The experience of strong back and soft front in our bodies, hearts and minds may help us to find the balance of compassion and equanimity. Thich Nhat Hanh taught us to remember. We are the nature to grow old, suffer illness and die. All that is dear and everyone we love are of the nature to change. We can’t escape being separated from them. There is no time not to love. Now is the time to love with our attention, compassion and caring action.
Poet Rosemerry Wahtola Trommer describes how the body can hold and be held in her poem Temple:
O body, cracked bell
that still sings when struck,
O leaky cup,
O broken stem,
I love you, body,
your crooked path,
your crumbling walls,
your faulty math.
I love the way
you stopped believing
you could ever
hold it all,
how you began
to let yourself
become the one
that’s being held.
I love the graffiti
on your inner halls—
scrawled names of all
who shaped you.
O body, my wreck,
my holey glove,
my street worn sole,
my crumpled page,
forgive me for years
of trying to fix you,
for believing the fable
of whole,
you, my perfect
wounded heart,
my stuttered hymn,
my sacred
begging bowl.
I invite you to rest your body on Earth’s body. Notice how awareness can hold sensation, the sound of my voice, the mind making meaning. Notice also how you are also held. Notice what arises and subsides in the ever-changing stream of living.
Somatic therapist and Karine Bell writes:
To know the landscape of our bodies, our experience, with intimacy and acceptance is to render us available to meet other bodies with compassion and empathy. It’s to make available again our creativity and imagination to dream a new dream.
How is it to know your body with intimacy and acceptance? Can you imagine meeting others with such presence? Can you feel the stirrings of empathy and compassion?
My imagination and my heart tells me this is a time for love. Paying attention is a way of loving. Right now we can reflect on the last time we truly attended to someone or something or how we were attended in a loving way. Can you remember an experience of of feeling warmth and love? Was it the kind of love that truly opened your heart? Remember who you were with, where you were, how this loving felt in your body. What loving qualities naturally emerged?

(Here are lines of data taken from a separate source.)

lemma integer_point_tproj_diff: "integer_point (tproj p - p)"
  by (metis tproj_eq_iff tproj_in_torus tproj_torus)

lemma tact_tproj: "tact A (tproj p) = tproj (lin A p)"
  unfolding tact_eq_tproj_lin tproj_eq_iff lin_diff[symmetric]
  by (intro integer_point_lin integer_point_tproj_diff)

lemma tact_tact: "tact A (tact B p) = tact (A ** B) p"
  by (metis tact_eq_tproj_lin tact_tproj lin_lin)

lemma lattice_iff:
  assumes "n \<ge> 1"
  shows "p \<in> lattice n \<longleftrightarrow> p \<in> torus \<and> integer_point (real n *\<^sub>R p)"
proof
  assume "p \<in> lattice n"
  then obtain k l where "p = (real k / real n, real l / real n)" "k < n" "l < n"
    by (auto simp: lattice_def)
  with assms show "p \<in> torus \<and> integer_point (real n *\<^sub>R p)"
    by (simp add: torus_def integer_point_def)
next
  assume p: "p \<in> torus \<and> integer_point (real n *\<^sub>R p)"
  then obtain k l where kl: "real n * fst p = of_int k" "real n * snd p = of_int l"
    by (auto simp: integer_point_def elim!: Ints_cases)
  have "0 \<le> real n * fst p" "real n * fst p < real n" "0 \<le> real n * snd p" "real n * snd p < real n"
    using p assms by (auto simp: torus_def)
  then have "0 \<le> k" "k < int n" "0 \<le> l" "l < int n"
    unfolding kl by linarith+
  moreover have "p = (real (nat k) / real n, real (nat l) / real n)"
    using kl assms \<open>0 \<le> k\<close> \<open>0 \<le> l\<close> by (simp add: prod_eq_iff field_simps)
  ultimately show "p \<in> lattice n"
    unfolding lattice_def by (intro CollectI exI[of _ "nat k"] exI[of _ "nat l"]) auto
qed
text \<open>Extend a partial pattern one coordinate at a time, splitting both sides over the two values
  of a coordinate outside the pattern, until it covers all N events; there symmetry applies.\<close>

lemma pattern_prob_bij:
  assumes "A \<subseteq> {1..N}" "B \<subseteq> {1..N}" "bij_betw \<tau> A B"
    and "\<And>i. i \<in> A \<Longrightarrow> f i = s (\<tau> i)" and "\<And>i. i \<in> B \<Longrightarrow> s i \<le> 1"
  shows "pattern_prob f A = pattern_prob s B"
proof -
  obtain n where "card ({1..N} - B) = n" by blast
  then show ?thesis
    using assms
  proof (induction n arbitrary: A B \<tau> f s)
    case 0
    then have B: "B = {1..N}" by auto
    then have A: "A = {1..N}"
      using 0 bij_betw_same_card[OF "0.prems"(4)] by (simp add: card_subset_eq)
    define \<tau>' where "\<tau>' x = (if x \<in> {1..N} then \<tau> x else x)" for x
    have "bij_betw \<tau>' {1..N} {1..N}"
      using "0.prems"(4) A B by (subst bij_betw_cong[where g=\<tau>]) (auto simp: \<tau>'_def)
    then have \<tau>': "\<tau>' permutes {1..N}"
      by (rule bij_imp_permutes) (auto simp: \<tau>'_def)
    have "pattern_prob f A = pattern_prob (s \<circ> \<tau>') {1..N}"
      unfolding A using "0.prems"(5) A
      by (intro arg_cong[where f="measure M"] pattern_event_cong) (simp add: \<tau>'_def)
    also have "\<dots> = pattern_prob s B"
      unfolding B using "0.prems"(6) B by (intro pattern_prob_permute[OF \<tau>']) auto
    finally show ?case .
  next
    case (Suc n)
    obtain j where j: "j \<in> {1..N}" "j \<notin> B"
      using Suc.prems(1) by (metis Diff_iff card.empty ex_in_conv nat.distinct(1))
    have "card B < N"
      using Suc.prems(3) j by (metis card_atLeastAtMost diff_Suc_1 finite_atLeastAtMost psubset_card_mono psubsetI)
    moreover have "card A = card B" using Suc.prems(4) bij_betw_same_card by blast
    ultimately have "A \<noteq> {1..N}" by auto
    then obtain j' where j': "j' \<in> {1..N}" "j' \<notin> A" using Suc.prems(2) by blast
    have "bij_betw (\<tau>(j':=j)) A B"
      using Suc.prems(4) j' by (subst bij_betw_cong[where g=\<tau>]) auto
    then have bij: "bij_betw (\<tau>(j':=j)) (insert j' A) (insert j B)"
      using notIn_Un_bij_betw[of j' A "\<tau>(j':=j)" B] j j' by simp
    have "{1..N} - insert j B = ({1..N} - B) - {j}" "j \<in> {1..N} - B" using j by auto
    then have card: "card ({1..N} - insert j B) = n"
      using Suc.prems(1) by (simp only: card_Diff_singleton)
    have reduce: "pattern_prob (f(j':=b)) (insert j' A) = pattern_prob (s(j:=b)) (insert j B)"
      if "b \<le> 1" for b
    proof (rule Suc.IH[OF card _ _ bij])
      show "insert j' A \<subseteq> {1..N}" "insert j B \<subseteq> {1..N}" using Suc.prems(2,3) j j' by auto
      show "(f(j':=b)) i = (s(j:=b)) ((\<tau>(j':=j)) i)" if "i \<in> insert j' A" for i
      proof (cases "i = j'")
        case False
        then have "i \<in> A" "\<tau> i \<in> B" using that bij_betwE[OF Suc.prems(4)] by auto
        then show ?thesis using False Suc.prems(5) j by auto
      qed simp
      show "(s(j:=b)) i \<le> 1" if "i \<in> insert j B" for i using Suc.prems(6) \<open>b \<le> 1\<close> that by auto
    qed
    have "pattern_prob f A = pattern_prob (f(j':=0)) (insert j' A) + pattern_prob (f(j':=1)) (insert j' A)"
      using Suc.prems(2) j' by (intro pattern_prob_split) auto
    also have "\<dots> = pattern_prob (s(j:=0)) (insert j B) + pattern_prob (s(j:=1)) (insert j B)"
      using reduce by simp
    also have "\<dots> = pattern_prob s B"
      using Suc.prems(3) j by (intro pattern_prob_split[symmetric]) auto
    finally show ?case .
  qed
qed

Joanna Macy teaches about beloved community. She writes:
I doubt we can even imagine what can pour through us when we feel our true kinship with each other. We’ve been lonely, scared, and isolated at a deep level, as well as set on competing and outdoing each other. I wonder if we are able to envision how beautiful it will be, and what will come through our hearts, our hands, our voices when we hold each other’s backs.
In our practice we hold each other up. We cultivate equanimity with the energy of strong back. We practice caring steady presence. We ground ourselves while remaining flexible, adaptable, and open to change. We cultivate compassion and wisdom with the energy of soft front. We are willing to see the world as clearly as possible with the energy of soft front. We resolve to stay open to life. Roshi Joan Halifax describes this is as gradual unfolding of intimacy. We become intimate with our own hearts and minds. We become intimate with the world just as it is. We allow the world to meet us as we truly are.
Roshi Joan offers us this encouragement:
Your open heart allows you to perceive and be touched by others.
Your strength lets you uphold yourself in the midst of any conditions.
Sit with this sense of openness, tenderness, and caring toward others, and as well feel the support of your strong back.
Through your strong back, which lends you equanimity, you have the strength to be with whatever is present.
Hold in your mind and heart the sense that all beings and things are connected to one another, and this practice is about opening your life to others and to your own good heart.
May we live in kinship with all beings.